=== Section Start ===

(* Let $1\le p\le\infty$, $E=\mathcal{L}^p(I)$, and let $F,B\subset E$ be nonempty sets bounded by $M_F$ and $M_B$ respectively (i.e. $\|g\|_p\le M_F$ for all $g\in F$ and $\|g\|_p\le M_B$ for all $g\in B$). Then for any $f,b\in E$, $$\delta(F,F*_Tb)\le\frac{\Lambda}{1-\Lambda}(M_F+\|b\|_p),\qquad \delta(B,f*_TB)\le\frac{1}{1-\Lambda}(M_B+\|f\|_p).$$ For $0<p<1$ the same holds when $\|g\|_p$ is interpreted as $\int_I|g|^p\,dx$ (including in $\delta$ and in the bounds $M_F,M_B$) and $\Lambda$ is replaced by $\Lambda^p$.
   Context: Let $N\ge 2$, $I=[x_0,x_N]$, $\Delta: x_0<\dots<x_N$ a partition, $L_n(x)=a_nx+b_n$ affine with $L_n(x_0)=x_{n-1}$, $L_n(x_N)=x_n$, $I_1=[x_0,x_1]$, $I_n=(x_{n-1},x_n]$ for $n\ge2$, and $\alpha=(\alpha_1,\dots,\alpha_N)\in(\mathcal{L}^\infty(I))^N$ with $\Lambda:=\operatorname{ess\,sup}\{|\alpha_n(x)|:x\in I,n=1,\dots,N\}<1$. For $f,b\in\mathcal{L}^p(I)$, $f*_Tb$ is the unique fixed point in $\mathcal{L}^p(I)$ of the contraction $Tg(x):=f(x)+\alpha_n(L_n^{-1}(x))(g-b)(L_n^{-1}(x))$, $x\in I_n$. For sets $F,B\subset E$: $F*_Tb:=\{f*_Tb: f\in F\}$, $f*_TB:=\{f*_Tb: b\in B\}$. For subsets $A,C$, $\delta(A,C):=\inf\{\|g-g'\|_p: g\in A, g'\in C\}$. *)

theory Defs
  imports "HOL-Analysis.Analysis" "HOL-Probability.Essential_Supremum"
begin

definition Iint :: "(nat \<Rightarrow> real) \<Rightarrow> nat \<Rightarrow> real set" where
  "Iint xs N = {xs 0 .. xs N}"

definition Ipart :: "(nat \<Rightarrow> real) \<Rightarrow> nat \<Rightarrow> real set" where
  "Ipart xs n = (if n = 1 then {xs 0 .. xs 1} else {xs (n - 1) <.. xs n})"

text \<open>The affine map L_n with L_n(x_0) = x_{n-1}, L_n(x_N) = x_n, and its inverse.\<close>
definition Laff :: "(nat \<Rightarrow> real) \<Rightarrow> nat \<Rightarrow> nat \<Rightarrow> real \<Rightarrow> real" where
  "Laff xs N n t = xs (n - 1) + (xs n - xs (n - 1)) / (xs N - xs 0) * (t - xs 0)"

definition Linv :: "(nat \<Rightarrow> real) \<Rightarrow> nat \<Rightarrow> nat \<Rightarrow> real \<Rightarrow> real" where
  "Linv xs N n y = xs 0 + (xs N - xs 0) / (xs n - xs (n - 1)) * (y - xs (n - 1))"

=== Section End ===

■ TASK ITEM
In the records above, how many lines include "Iint"? Reply only with the number.

■ YOUR SOLUTION
2